**DIRECTIONS FOR THIS TASK:** State the number of lines in the records underneath where the word "dest" turns up, and say nothing else.

*** Block opens ***

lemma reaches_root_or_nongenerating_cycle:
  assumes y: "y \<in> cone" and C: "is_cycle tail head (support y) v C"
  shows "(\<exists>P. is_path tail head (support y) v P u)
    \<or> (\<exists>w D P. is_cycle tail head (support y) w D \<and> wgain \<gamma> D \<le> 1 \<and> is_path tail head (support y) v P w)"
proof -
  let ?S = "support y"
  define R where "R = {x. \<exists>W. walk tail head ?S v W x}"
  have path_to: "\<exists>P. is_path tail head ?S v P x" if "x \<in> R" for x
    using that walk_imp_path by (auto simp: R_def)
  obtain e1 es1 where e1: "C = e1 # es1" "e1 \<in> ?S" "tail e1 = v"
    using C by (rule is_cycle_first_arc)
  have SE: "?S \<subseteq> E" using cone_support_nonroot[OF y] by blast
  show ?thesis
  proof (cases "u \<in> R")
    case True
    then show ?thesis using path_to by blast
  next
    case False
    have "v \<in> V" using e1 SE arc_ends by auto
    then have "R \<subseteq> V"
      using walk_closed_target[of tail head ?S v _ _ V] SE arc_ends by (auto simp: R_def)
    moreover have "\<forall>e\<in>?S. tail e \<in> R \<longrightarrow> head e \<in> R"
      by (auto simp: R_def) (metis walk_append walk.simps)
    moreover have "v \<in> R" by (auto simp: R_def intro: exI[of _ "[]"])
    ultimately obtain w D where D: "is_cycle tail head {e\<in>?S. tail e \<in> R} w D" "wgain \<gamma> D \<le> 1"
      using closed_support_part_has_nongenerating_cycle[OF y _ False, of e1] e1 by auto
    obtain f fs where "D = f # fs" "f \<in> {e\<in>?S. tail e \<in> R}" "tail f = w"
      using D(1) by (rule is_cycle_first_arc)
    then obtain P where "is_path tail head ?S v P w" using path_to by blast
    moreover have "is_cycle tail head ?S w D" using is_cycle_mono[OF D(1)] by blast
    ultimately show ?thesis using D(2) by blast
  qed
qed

*** Block closes ***
*** Block opens ***

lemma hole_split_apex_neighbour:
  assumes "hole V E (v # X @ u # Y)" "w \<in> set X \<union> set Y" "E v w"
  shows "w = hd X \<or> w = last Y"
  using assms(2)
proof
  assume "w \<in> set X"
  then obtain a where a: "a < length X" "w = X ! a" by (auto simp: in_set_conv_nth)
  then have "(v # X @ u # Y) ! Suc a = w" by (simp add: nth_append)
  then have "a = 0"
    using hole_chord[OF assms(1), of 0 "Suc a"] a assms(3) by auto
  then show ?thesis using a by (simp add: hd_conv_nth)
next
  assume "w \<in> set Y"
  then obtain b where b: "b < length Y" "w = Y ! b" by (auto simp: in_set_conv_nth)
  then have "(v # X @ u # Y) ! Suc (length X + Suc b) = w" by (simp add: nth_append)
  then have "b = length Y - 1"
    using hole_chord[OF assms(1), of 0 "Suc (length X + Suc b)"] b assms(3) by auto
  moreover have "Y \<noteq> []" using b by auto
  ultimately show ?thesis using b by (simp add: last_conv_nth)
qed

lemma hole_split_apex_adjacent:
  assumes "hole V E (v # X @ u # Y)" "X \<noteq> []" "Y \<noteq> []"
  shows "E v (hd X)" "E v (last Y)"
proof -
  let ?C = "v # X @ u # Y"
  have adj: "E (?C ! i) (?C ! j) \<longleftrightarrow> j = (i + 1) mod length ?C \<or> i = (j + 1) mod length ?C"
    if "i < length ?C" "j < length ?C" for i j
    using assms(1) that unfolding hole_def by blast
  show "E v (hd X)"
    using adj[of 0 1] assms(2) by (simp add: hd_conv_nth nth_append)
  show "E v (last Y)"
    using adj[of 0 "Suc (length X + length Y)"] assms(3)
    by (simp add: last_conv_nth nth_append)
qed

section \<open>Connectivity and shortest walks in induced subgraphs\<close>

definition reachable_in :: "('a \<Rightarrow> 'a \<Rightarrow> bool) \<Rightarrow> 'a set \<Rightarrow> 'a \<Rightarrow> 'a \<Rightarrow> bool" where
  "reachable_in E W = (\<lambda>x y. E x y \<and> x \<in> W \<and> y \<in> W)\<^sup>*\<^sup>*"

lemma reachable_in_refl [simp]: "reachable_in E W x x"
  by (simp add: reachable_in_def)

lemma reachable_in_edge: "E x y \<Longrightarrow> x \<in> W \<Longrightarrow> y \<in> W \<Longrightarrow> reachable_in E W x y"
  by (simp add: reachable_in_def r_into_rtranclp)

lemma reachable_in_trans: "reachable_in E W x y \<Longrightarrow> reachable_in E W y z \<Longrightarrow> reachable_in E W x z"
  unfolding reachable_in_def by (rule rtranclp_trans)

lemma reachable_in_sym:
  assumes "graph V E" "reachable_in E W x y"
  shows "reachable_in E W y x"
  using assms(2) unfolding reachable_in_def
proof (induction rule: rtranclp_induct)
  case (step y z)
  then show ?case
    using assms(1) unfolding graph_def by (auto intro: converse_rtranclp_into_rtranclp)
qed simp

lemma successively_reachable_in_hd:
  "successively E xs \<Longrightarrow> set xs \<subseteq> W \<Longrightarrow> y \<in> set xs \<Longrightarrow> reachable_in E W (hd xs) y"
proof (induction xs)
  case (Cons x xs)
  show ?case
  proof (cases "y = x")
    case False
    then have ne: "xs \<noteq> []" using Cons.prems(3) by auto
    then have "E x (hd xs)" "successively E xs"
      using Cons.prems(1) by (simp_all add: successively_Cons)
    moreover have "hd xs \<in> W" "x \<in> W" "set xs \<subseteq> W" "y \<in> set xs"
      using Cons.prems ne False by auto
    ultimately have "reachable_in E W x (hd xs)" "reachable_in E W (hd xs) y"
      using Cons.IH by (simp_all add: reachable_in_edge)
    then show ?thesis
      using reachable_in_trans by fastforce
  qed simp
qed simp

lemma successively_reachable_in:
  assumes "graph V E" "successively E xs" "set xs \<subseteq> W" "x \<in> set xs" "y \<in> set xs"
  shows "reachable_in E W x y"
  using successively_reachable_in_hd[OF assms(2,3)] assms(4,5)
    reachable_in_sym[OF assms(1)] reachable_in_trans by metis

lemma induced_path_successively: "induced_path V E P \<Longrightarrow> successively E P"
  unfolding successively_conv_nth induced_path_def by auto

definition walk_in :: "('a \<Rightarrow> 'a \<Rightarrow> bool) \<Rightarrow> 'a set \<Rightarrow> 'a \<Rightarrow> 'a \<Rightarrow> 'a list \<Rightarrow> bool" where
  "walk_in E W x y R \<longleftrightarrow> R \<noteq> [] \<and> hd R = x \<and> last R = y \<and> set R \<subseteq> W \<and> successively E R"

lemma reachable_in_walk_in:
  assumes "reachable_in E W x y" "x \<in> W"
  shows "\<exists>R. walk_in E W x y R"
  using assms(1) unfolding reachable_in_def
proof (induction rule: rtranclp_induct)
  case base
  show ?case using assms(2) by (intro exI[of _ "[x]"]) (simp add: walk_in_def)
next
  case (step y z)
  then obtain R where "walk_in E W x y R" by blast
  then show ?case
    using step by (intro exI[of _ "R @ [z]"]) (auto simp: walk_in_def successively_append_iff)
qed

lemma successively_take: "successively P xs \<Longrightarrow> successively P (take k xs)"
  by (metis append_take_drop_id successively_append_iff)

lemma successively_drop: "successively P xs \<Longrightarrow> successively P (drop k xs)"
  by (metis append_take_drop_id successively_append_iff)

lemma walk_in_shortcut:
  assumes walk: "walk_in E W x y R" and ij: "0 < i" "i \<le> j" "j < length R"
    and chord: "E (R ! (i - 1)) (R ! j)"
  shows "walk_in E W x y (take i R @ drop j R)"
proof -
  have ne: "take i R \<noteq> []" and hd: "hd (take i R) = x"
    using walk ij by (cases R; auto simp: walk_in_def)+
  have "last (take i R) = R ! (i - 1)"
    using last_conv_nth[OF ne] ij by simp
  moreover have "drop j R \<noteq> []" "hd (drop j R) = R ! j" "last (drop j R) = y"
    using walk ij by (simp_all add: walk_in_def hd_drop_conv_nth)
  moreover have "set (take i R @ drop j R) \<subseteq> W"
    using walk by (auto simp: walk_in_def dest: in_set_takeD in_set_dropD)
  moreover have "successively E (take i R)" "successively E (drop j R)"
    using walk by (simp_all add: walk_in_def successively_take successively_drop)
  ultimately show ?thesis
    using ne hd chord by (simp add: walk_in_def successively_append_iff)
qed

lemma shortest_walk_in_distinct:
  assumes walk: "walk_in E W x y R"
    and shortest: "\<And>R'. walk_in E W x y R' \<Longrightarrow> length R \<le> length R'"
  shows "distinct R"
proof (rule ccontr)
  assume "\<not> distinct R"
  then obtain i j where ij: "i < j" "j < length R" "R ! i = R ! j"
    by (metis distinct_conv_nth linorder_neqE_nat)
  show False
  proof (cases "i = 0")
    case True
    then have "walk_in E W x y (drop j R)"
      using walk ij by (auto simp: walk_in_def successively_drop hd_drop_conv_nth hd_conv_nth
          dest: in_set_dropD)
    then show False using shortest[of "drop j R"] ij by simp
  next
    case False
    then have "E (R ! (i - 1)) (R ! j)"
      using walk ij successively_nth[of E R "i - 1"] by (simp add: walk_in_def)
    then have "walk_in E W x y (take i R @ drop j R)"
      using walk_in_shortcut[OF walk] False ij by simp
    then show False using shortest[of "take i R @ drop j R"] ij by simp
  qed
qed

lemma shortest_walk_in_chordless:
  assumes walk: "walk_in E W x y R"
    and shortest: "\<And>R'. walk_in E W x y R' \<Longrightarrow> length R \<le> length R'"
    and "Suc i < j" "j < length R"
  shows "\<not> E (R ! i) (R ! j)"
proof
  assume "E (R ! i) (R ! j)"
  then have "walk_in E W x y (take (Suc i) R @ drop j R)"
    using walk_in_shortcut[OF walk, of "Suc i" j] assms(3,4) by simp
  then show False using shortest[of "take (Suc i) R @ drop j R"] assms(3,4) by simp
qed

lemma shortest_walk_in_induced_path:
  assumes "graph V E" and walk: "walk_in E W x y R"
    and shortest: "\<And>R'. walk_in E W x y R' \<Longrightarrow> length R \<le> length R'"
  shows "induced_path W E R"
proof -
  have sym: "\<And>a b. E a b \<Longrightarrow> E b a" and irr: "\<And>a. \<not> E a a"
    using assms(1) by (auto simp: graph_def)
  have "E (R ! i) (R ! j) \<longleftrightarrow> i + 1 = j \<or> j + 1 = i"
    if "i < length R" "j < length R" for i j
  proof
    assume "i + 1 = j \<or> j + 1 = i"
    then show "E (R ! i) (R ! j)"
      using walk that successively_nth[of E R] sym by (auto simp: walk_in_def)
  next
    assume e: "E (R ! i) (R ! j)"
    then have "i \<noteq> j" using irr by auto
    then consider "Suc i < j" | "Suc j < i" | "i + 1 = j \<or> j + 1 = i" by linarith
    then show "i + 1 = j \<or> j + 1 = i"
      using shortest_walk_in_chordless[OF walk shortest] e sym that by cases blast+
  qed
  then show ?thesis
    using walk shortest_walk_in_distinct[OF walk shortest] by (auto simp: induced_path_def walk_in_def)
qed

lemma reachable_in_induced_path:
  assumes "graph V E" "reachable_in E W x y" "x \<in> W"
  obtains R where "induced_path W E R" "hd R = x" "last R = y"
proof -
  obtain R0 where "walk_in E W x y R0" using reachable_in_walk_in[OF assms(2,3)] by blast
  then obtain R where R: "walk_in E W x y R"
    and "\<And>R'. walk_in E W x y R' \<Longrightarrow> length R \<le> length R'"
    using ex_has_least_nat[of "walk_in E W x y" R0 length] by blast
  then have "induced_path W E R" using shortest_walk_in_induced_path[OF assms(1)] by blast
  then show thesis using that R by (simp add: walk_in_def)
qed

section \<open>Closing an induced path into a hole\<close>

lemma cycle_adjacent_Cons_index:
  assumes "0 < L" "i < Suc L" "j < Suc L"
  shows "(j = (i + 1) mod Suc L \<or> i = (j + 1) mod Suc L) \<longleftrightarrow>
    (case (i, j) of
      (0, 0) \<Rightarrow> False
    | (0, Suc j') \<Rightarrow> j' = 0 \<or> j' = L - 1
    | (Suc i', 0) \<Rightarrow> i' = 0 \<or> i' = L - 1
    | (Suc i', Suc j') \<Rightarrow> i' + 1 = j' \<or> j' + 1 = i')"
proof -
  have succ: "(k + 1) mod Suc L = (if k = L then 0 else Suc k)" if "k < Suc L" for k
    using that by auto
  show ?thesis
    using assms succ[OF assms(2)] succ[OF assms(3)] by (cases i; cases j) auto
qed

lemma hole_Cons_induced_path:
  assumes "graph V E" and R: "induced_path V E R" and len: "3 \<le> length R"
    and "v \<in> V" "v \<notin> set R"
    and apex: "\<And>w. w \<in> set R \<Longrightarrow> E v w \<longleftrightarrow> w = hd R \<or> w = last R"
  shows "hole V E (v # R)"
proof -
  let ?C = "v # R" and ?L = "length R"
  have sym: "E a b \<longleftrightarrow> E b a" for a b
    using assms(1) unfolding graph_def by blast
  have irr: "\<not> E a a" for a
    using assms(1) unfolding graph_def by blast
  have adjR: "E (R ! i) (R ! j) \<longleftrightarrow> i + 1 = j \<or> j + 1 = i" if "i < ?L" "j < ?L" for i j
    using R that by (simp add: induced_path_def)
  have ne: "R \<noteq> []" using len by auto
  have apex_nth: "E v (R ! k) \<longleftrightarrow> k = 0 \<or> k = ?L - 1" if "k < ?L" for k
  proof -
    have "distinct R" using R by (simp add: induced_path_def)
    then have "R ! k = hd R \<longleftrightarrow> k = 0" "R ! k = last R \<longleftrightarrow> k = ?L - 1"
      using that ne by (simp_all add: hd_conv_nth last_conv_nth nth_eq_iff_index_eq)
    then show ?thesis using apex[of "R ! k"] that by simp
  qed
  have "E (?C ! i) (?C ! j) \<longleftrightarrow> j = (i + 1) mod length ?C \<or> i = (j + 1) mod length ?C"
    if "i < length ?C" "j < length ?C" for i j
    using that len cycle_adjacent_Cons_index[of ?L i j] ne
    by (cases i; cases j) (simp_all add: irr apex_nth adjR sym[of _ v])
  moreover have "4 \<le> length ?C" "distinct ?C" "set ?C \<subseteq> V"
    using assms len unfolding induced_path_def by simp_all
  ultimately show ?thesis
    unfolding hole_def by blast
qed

*** Block closes ***

**ANSWER TO THE PROBLEM:** 2